Veneklase began the trial in September 2017, had a bone marrow transplant in November and was home by Christmas Eve that year.
Here’s how the treatment works: Doctors remove some of the patient’s defective blood stem cells. They then create genetic copies of the cells that have been corrected and put them back into the body to regenerate and eventually replace other defective cells.
“This is something that five, six, seven, eight years ago if this would have happened, there were no options for these boys, so having this as an option now, having Landen sitting next to us is just a testament to all the hard work these doctors have done, Minnesota has done to really give families like us and these boys a chance that they need to live long healthy lives,” Scot Veneklase, Landen’s dad said.
Prior to this treatment, a bone marrow transplant was the only option to stop the progression of the disease. Transplantation is extremely risky, especially when a patient does not have a donor match. That was the case for Veneklase.
“To be able to say, hey you don’t need a match. We can genetically modify your own cells, put the corrected gene back into your body, I mean I think that says it all right there,” Scot Veneklase said.

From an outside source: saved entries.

(* For every metric space $(X,d)$, the upper Vietoris topology and the Scott topology on $\mathsf{K}((X,d))$ coincide.
   Context: For a metric space, $\mathsf{K}(X)$ is the set of nonempty compact subsets, ordered by reverse inclusion. Scott topology on a poset: upper sets $U$ such that every directed $D$ whose supremum exists and lies in $U$ meets $U$ (a family in $\mathsf{K}(X)$ has a supremum iff its intersection lies in $\mathsf{K}(X)$, and then it is the intersection). Upper Vietoris topology: base $\Box U=\{K:K\subseteq U\}$, $U$ open. *)

theory Defs
  imports "HOL-Analysis.Analysis"
begin

text \<open>K(X): nonempty compact subsets of the space, ordered by reverse inclusion
  (A \<le> B iff B \<subseteq> A).\<close>
definition Kspace :: "'a topology \<Rightarrow> 'a set set" where
  "Kspace X = {K. compactin X K \<and> K \<noteq> {}}"

definition Kle :: "'a set \<Rightarrow> 'a set \<Rightarrow> bool" where
  "Kle A B \<longleftrightarrow> B \<subseteq> A"

definition K_upper :: "'a topology \<Rightarrow> 'a set set \<Rightarrow> bool" where
  "K_upper X U \<longleftrightarrow> U \<subseteq> Kspace X \<and> (\<forall>A\<in>U. \<forall>B\<in>Kspace X. Kle A B \<longrightarrow> B \<in> U)"

definition K_directed :: "'a topology \<Rightarrow> 'a set set \<Rightarrow> bool" where
  "K_directed X D \<longleftrightarrow> D \<subseteq> Kspace X \<and> D \<noteq> {} \<and>
     (\<forall>A\<in>D. \<forall>B\<in>D. \<exists>C\<in>D. Kle A C \<and> Kle B C)"

definition K_is_sup :: "'a topology \<Rightarrow> 'a set set \<Rightarrow> 'a set \<Rightarrow> bool" where
  "K_is_sup X D s \<longleftrightarrow> s \<in> Kspace X \<and> (\<forall>A\<in>D. Kle A s) \<and>
     (\<forall>t\<in>Kspace X. (\<forall>A\<in>D. Kle A t) \<longrightarrow> Kle s t)"

definition scott_open :: "'a topology \<Rightarrow> 'a set set \<Rightarrow> bool" where
  "scott_open X U \<longleftrightarrow> K_upper X U \<and>
     (\<forall>D s. K_directed X D \<and> K_is_sup X D s \<and> s \<in> U \<longrightarrow> D \<inter> U \<noteq> {})"

definition vbox :: "'a topology \<Rightarrow> 'a set \<Rightarrow> 'a set set" where
  "vbox X V = {K \<in> Kspace X. K \<subseteq> V}"

definition upper_vietoris_open :: "'a topology \<Rightarrow> 'a set set \<Rightarrow> bool" where
  "upper_vietoris_open X U \<longleftrightarrow>
     (\<exists>\<V>. \<V> \<subseteq> {vbox X V | V. openin X V} \<and> U = \<Union>\<V>)"

end

theory Submission
  imports Defs
begin

text \<open>A directed family of compact sets whose intersection lies inside an open set \<open>W\<close> has,
  by compactness, a member inside \<open>W\<close>; in a Hausdorff space the supremum of a directed family
  is its intersection, so every box \<open>\<box>W\<close> is Scott open, and so is every union of boxes.

  Conversely, let \<open>U\<close> be Scott open and \<open>K \<in> U\<close>. If no box of an \<open>r\<close>-neighbourhood of \<open>K\<close> lay
  inside \<open>U\<close>, we could pick compact sets \<open>C\<^sub>n \<notin> U\<close> within distance \<open>1/(n+1)\<close> of \<open>K\<close>. Every open
  neighbourhood of \<open>K\<close> contains all but finitely many \<open>C\<^sub>n\<close> (Lebesgue number), so the tails
  \<open>K \<union> \<Union>\<^sub>m\<^sub>\<ge>\<^sub>n C\<^sub>m\<close> are compact and form a decreasing chain with intersection \<open>K\<close>. Scott openness
  puts one tail in \<open>U\<close>, and upward closure then puts the corresponding \<open>C\<^sub>n\<close> in \<open>U\<close>.\<close>

lemma K_directed_finite_lower_bound:
  assumes "K_directed X D" "finite F" "F \<subseteq> D"
  shows "\<exists>C\<in>D. \<forall>A\<in>F. C \<subseteq> A"
  using assms(2,3)
proof (induction F rule: finite_induct)
  case empty
  then show ?case using assms(1) unfolding K_directed_def by blast
next
  case (insert x F)
  then obtain C where C: "C \<in> D" "\<forall>A\<in>F. C \<subseteq> A" by auto
  with insert assms(1) obtain E where "E \<in> D" "E \<subseteq> x" "E \<subseteq> C"
    unfolding K_directed_def Kle_def by blast
  then show ?case using C by blast
qed

lemma K_directed_Inter_subset_openin:
  assumes X: "Hausdorff_space X" and D: "K_directed X D"
    and W: "openin X W" and DW: "\<Inter>D \<subseteq> W"
  shows "\<exists>A\<in>D. A \<subseteq> W"
proof -
  have compact: "compactin X A" if "A \<in> D" for A
    using D that unfolding K_directed_def Kspace_def by blast
  have closed: "closedin X A" if "A \<in> D" for A
    using compactin_imp_closedin[OF X compact[OF that]] .
  obtain A0 where A0: "A0 \<in> D" using D unfolding K_directed_def by blast
  have "A0 - W = A0 \<inter> (topspace X - W)"
    using compactin_subset_topspace[OF compact[OF A0]] by blast
  then have "compactin X (A0 - W)"
    using compact_Int_closedin[OF compact[OF A0] closedin_diff[OF closedin_topspace W]] by simp
  moreover have "A0 - W \<subseteq> \<Union>((\<lambda>A. topspace X - A) ` D)"
    using DW compact[OF A0] compactin_subset_topspace by fastforce
  moreover have "\<forall>V\<in>(\<lambda>A. topspace X - A) ` D. openin X V"
    using closed by blast
  ultimately obtain F where F: "finite F" "F \<subseteq> (\<lambda>A. topspace X - A) ` D" "A0 - W \<subseteq> \<Union>F"
    unfolding compactin_def by meson
  then obtain G where G: "finite G" "G \<subseteq> D" "F = (\<lambda>A. topspace X - A) ` G"
    by (meson finite_subset_image)
  obtain C where C: "C \<in> D" "\<forall>A\<in>insert A0 G. C \<subseteq> A"
    using K_directed_finite_lower_bound[OF D, of "insert A0 G"] G A0 by auto
  have "C \<subseteq> W"
    using C F G by blast
  with C show ?thesis by blast
qed

lemma K_is_sup_Inter:
  assumes "\<Inter>D \<in> Kspace X"
  shows "K_is_sup X D (\<Inter>D)"
  using assms unfolding K_is_sup_def Kle_def by blast

lemma K_is_sup_imp_Inter_subset:
  assumes X: "Hausdorff_space X" and D: "K_directed X D" and s: "K_is_sup X D s"
  shows "\<Inter>D \<subseteq> s"
proof (cases "\<Inter>D = {}")
  case False
  have compact: "compactin X A" if "A \<in> D" for A
    using D that unfolding K_directed_def Kspace_def by blast
  obtain A0 where "A0 \<in> D" using D unfolding K_directed_def by blast
  then have "compactin X (\<Inter>D)"
    using closed_compactin_Inter compact compactin_imp_closedin[OF X] by metis
  with False have "\<Inter>D \<in> Kspace X" unfolding Kspace_def by blast
  with s show ?thesis
    unfolding K_is_sup_def Kle_def by blast
qed simp

lemma scott_open_vbox:
  assumes X: "Hausdorff_space X" and W: "openin X W"
  shows "scott_open X (vbox X W)"
  unfolding scott_open_def
proof (intro conjI allI impI)
  show "K_upper X (vbox X W)"
    unfolding K_upper_def vbox_def Kle_def by blast
next
  fix D s assume "K_directed X D \<and> K_is_sup X D s \<and> s \<in> vbox X W"
  then have D: "K_directed X D" and "\<Inter>D \<subseteq> W"
    using K_is_sup_imp_Inter_subset[OF X] unfolding vbox_def by blast+
  then obtain A where "A \<in> D" "A \<subseteq> W"
    using K_directed_Inter_subset_openin[OF X D W] by blast
  with D show "D \<inter> vbox X W \<noteq> {}"
    unfolding K_directed_def vbox_def by blast
qed

lemma scott_open_Union:
  assumes "\<And>U. U \<in> \<U> \<Longrightarrow> scott_open X U"
  shows "scott_open X (\<Union>\<U>)"
  using assms unfolding scott_open_def K_upper_def by blast

lemma upper_vietoris_open_imp_scott_open:
  assumes "Hausdorff_space X" "upper_vietoris_open X U"
  shows "scott_open X U"
proof -
  obtain \<V> where \<V>: "\<V> \<subseteq> {vbox X V | V. openin X V}" "U = \<Union>\<V>"
    using assms(2) unfolding upper_vietoris_open_def by blast
  have "scott_open X B" if "B \<in> \<V>" for B
    using that \<V>(1) scott_open_vbox[OF assms(1)] by blast
  with \<V>(2) show ?thesis
    by (simp add: scott_open_Union)
qed

lemma upper_vietoris_openI:
  assumes "\<And>K. K \<in> U \<Longrightarrow> \<exists>V. openin X V \<and> K \<in> vbox X V \<and> vbox X V \<subseteq> U"
  shows "upper_vietoris_open X U"
  unfolding upper_vietoris_open_def
  by (rule exI[of _ "{vbox X V | V. openin X V \<and> vbox X V \<subseteq> U}"]) (use assms in blast)

lemma compactin_Un_Union_eventually_subset:
  fixes C :: "nat \<Rightarrow> 'a set"
  assumes K: "compactin X K" and C: "\<And>m. compactin X (C m)"
    and eventually: "\<And>W. openin X W \<Longrightarrow> K \<subseteq> W \<Longrightarrow> \<exists>N. \<forall>m\<ge>N. C m \<subseteq> W"
  shows "compactin X (K \<union> \<Union>(range C))"
  unfolding compactin_def
proof (intro conjI allI impI)
  show "K \<union> \<Union>(range C) \<subseteq> topspace X"
    using K C compactin_subset_topspace by blast
next
  fix \<U> assume \<U>: "Ball \<U> (openin X) \<and> K \<union> \<Union>(range C) \<subseteq> \<Union>\<U>"
  then obtain F0 where F0: "finite F0" "F0 \<subseteq> \<U>" "K \<subseteq> \<Union>F0"
    using K unfolding compactin_def by (meson le_sup_iff)
  then obtain N where N: "\<forall>m\<ge>N. C m \<subseteq> \<Union>F0"
    using eventually \<U> by (meson openin_Union subsetD)
  have "compactin X (\<Union>(C ` {..<N}))"
    by (intro compactin_Union) (auto intro: C)
  moreover have "\<Union>(C ` {..<N}) \<subseteq> \<Union>\<U>"
    using \<U> by blast
  ultimately obtain F1 where F1: "finite F1" "F1 \<subseteq> \<U>" "\<Union>(C ` {..<N}) \<subseteq> \<Union>F1"
    using \<U> unfolding compactin_def by meson
  have "C m \<subseteq> \<Union>(F0 \<union> F1)" for m
    using N F1(3) by (cases "m < N") (auto simp: not_less)
  with F0(3) have "K \<union> \<Union>(range C) \<subseteq> \<Union>(F0 \<union> F1)"
    by blast
  with F0 F1 show "\<exists>\<F>. finite \<F> \<and> \<F> \<subseteq> \<U> \<and> K \<union> \<Union>(range C) \<subseteq> \<Union>\<F>"
    by (intro exI[of _ "F0 \<union> F1"]) auto
qed

lemma scott_open_eventually_mem:
  fixes C :: "nat \<Rightarrow> 'a set"
  assumes X: "t1_space X" and U: "scott_open X U" and KU: "K \<in> U"
    and C: "\<And>m. C m \<in> Kspace X"
    and eventually: "\<And>W. openin X W \<Longrightarrow> K \<subseteq> W \<Longrightarrow> \<exists>N. \<forall>m\<ge>N. C m \<subseteq> W"
  shows "\<exists>m. C m \<in> U"
proof -
  define L where "L n = K \<union> \<Union>(range (\<lambda>m. C (m + n)))" for n
  have upper: "K_upper X U"
    using U unfolding scott_open_def by blast
  have K: "K \<in> Kspace X"
    using upper KU unfolding K_upper_def by blast
  have L: "L n \<in> Kspace X" for n
  proof -
    have "compactin X (L n)"
      unfolding L_def
    proof (rule compactin_Un_Union_eventually_subset)
      show "compactin X K" "compactin X (C (m + n))" for m
        using K C unfolding Kspace_def by blast+
    next
      fix W assume "openin X W" "K \<subseteq> W"
      then obtain N where "\<forall>m\<ge>N. C m \<subseteq> W"
        using eventually by blast
      then show "\<exists>N. \<forall>m\<ge>N. C (m + n) \<subseteq> W"
        by (metis trans_le_add1)
    qed
    with K show ?thesis
      unfolding L_def Kspace_def by auto
  qed
  have L_antimono: "L n' \<subseteq> L n" if "n \<le> n'" for n n'
    unfolding L_def using that by clarsimp (metis add.assoc le_add_diff_inverse2)
  have directed: "K_directed X (range L)"
    unfolding K_directed_def Kle_def using L
    by auto (metis L_antimono max.cobounded1 max.cobounded2)
  have "\<Inter>(range L) = K"
  proof
    show "K \<subseteq> \<Inter>(range L)"
      unfolding L_def by blast
  next
    show "\<Inter>(range L) \<subseteq> K"
    proof
      fix x assume x: "x \<in> \<Inter>(range L)"
      show "x \<in> K"
      proof (rule ccontr)
        assume "x \<notin> K"
        then have "K \<subseteq> topspace X - {x}"
          using K compactin_subset_topspace unfolding Kspace_def by blast
        moreover have "openin X (topspace X - {x})"
          using X by (simp add: t1_space_openin_delete_alt)
        ultimately obtain N where "\<forall>m\<ge>N. C m \<subseteq> topspace X - {x}"
          using eventually by blast
        moreover have "x \<in> L N"
          using x by blast
        ultimately show False
          using \<open>x \<notin> K\<close> le_add2 unfolding L_def by blast
      qed
    qed
  qed
  then have "K_is_sup X (range L) K"
    using K_is_sup_Inter K by metis
  then obtain n where "L n \<in> U"
    using U directed KU unfolding scott_open_def by blast
  moreover have "Kle (L n) (C n)"
    unfolding L_def Kle_def using rangeI[of "\<lambda>m. C (m + n)" 0] by auto
  ultimately show ?thesis
    using upper C unfolding K_upper_def by blast
qed

context Metric_space
begin

lemma compactin_Union_mball_subset:
  assumes "compactin mtopology K" "openin mtopology W" "K \<subseteq> W"
  shows "\<exists>r>0. (\<Union>k\<in>K. mball k r) \<subseteq> W"
  using lebesgue_number[of K "{W}"] assms by auto

lemma scott_open_imp_upper_vietoris_open:
  assumes U: "scott_open mtopology U"
  shows "upper_vietoris_open mtopology U"
proof (rule upper_vietoris_openI)
  fix K assume KU: "K \<in> U"
  then have K: "K \<in> Kspace mtopology"
    using U unfolding scott_open_def K_upper_def by blast
  then have K_compact: "compactin mtopology K" and KM: "K \<subseteq> M"
    unfolding Kspace_def using compactin_subset_topspace by fastforce+
  have "\<exists>r>0. vbox mtopology (\<Union>k\<in>K. mball k r) \<subseteq> U"
  proof (rule ccontr)
    assume "\<not> ?thesis"
    then have "\<forall>n::nat. \<exists>C. C \<in> vbox mtopology (\<Union>k\<in>K. mball k (1 / Suc n)) \<and> C \<notin> U"
      by (metis of_nat_0_less_iff subsetI zero_less_Suc zero_less_divide_1_iff)
    then obtain C where C: "\<And>n. C n \<in> vbox mtopology (\<Union>k\<in>K. mball k (1 / Suc n))"
      and C_notin: "\<And>n. C n \<notin> U"
      by metis
    have "\<exists>m. C m \<in> U"
    proof (rule scott_open_eventually_mem[OF _ U KU])
      show "t1_space mtopology"
        by (simp add: Hausdorff_imp_t1_space Hausdorff_space_mtopology)
      show "C m \<in> Kspace mtopology" for m
        using C unfolding vbox_def by blast
    next
      fix W assume "openin mtopology W" "K \<subseteq> W"
      then obtain r where r: "r > 0" "(\<Union>k\<in>K. mball k r) \<subseteq> W"
        using compactin_Union_mball_subset K_compact by blast
      obtain N where N: "inverse (Suc N) < r"
        using reals_Archimedean[OF r(1)] by blast
      have "C m \<subseteq> W" if "m \<ge> N" for m
      proof -
        have "1 / Suc m \<le> inverse (Suc N)"
          using that by (simp add: inverse_eq_divide frac_le)
        then have "(\<Union>k\<in>K. mball k (1 / Suc m)) \<subseteq> (\<Union>k\<in>K. mball k r)"
          using N by fastforce
        then show ?thesis
          using C[of m] r(2) unfolding vbox_def by blast
      qed
      then show "\<exists>N. \<forall>m\<ge>N. C m \<subseteq> W"
        by blast
    qed
    with C_notin show False
      by blast
  qed
  then obtain r where r: "r > 0" "vbox mtopology (\<Union>k\<in>K. mball k r) \<subseteq> U"
    by blast
  moreover have "openin mtopology (\<Union>k\<in>K. mball k r)"
    by blast
  moreover have "K \<in> vbox mtopology (\<Union>k\<in>K. mball k r)"
    using K KM r(1) unfolding vbox_def by fastforce
  ultimately show "\<exists>V. openin mtopology V \<and> K \<in> vbox mtopology V \<and> vbox mtopology V \<subseteq> U"
    by blast
qed

end

theorem mainTheorem14:
  fixes M :: "'a set" and d :: "'a \<Rightarrow> 'a \<Rightarrow> real"
  assumes "Metric_space M d"
  shows "{U. upper_vietoris_open (Metric_space.mtopology M d) U}
       = {U. scott_open (Metric_space.mtopology M d) U}"
proof -
  interpret Metric_space M d by fact
  show ?thesis
    using upper_vietoris_open_imp_scott_open[OF Hausdorff_space_mtopology]
      scott_open_imp_upper_vietoris_open
    by blast
qed

end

Five years after receiving the gene therapy treatment, and Veneklase is doing well. His family said he is healthy, thriving and expected to live a full life.
“The idea with these types of therapies is to give these boys the best chance to have long, happy, prosperous, full lives,” Orchard said, “I mean, that’s really what we’re here for is to help increase the opportunity for them to do that and to minimize the effects of the disease on the boys and the families.”
Now that the treatment has received FDA approval, M Health Fairview Masonic Children’s Hospital will be one of four in the world able to perform this therapy.
Minnesota is a state that screens newborns for ALD, but many states do not. The Veneklase family is hoping to spread awareness to get every state on board with ALD prescreening. They say, if they hadn’t caught their son’s disease early, he likely wouldn’t have survived.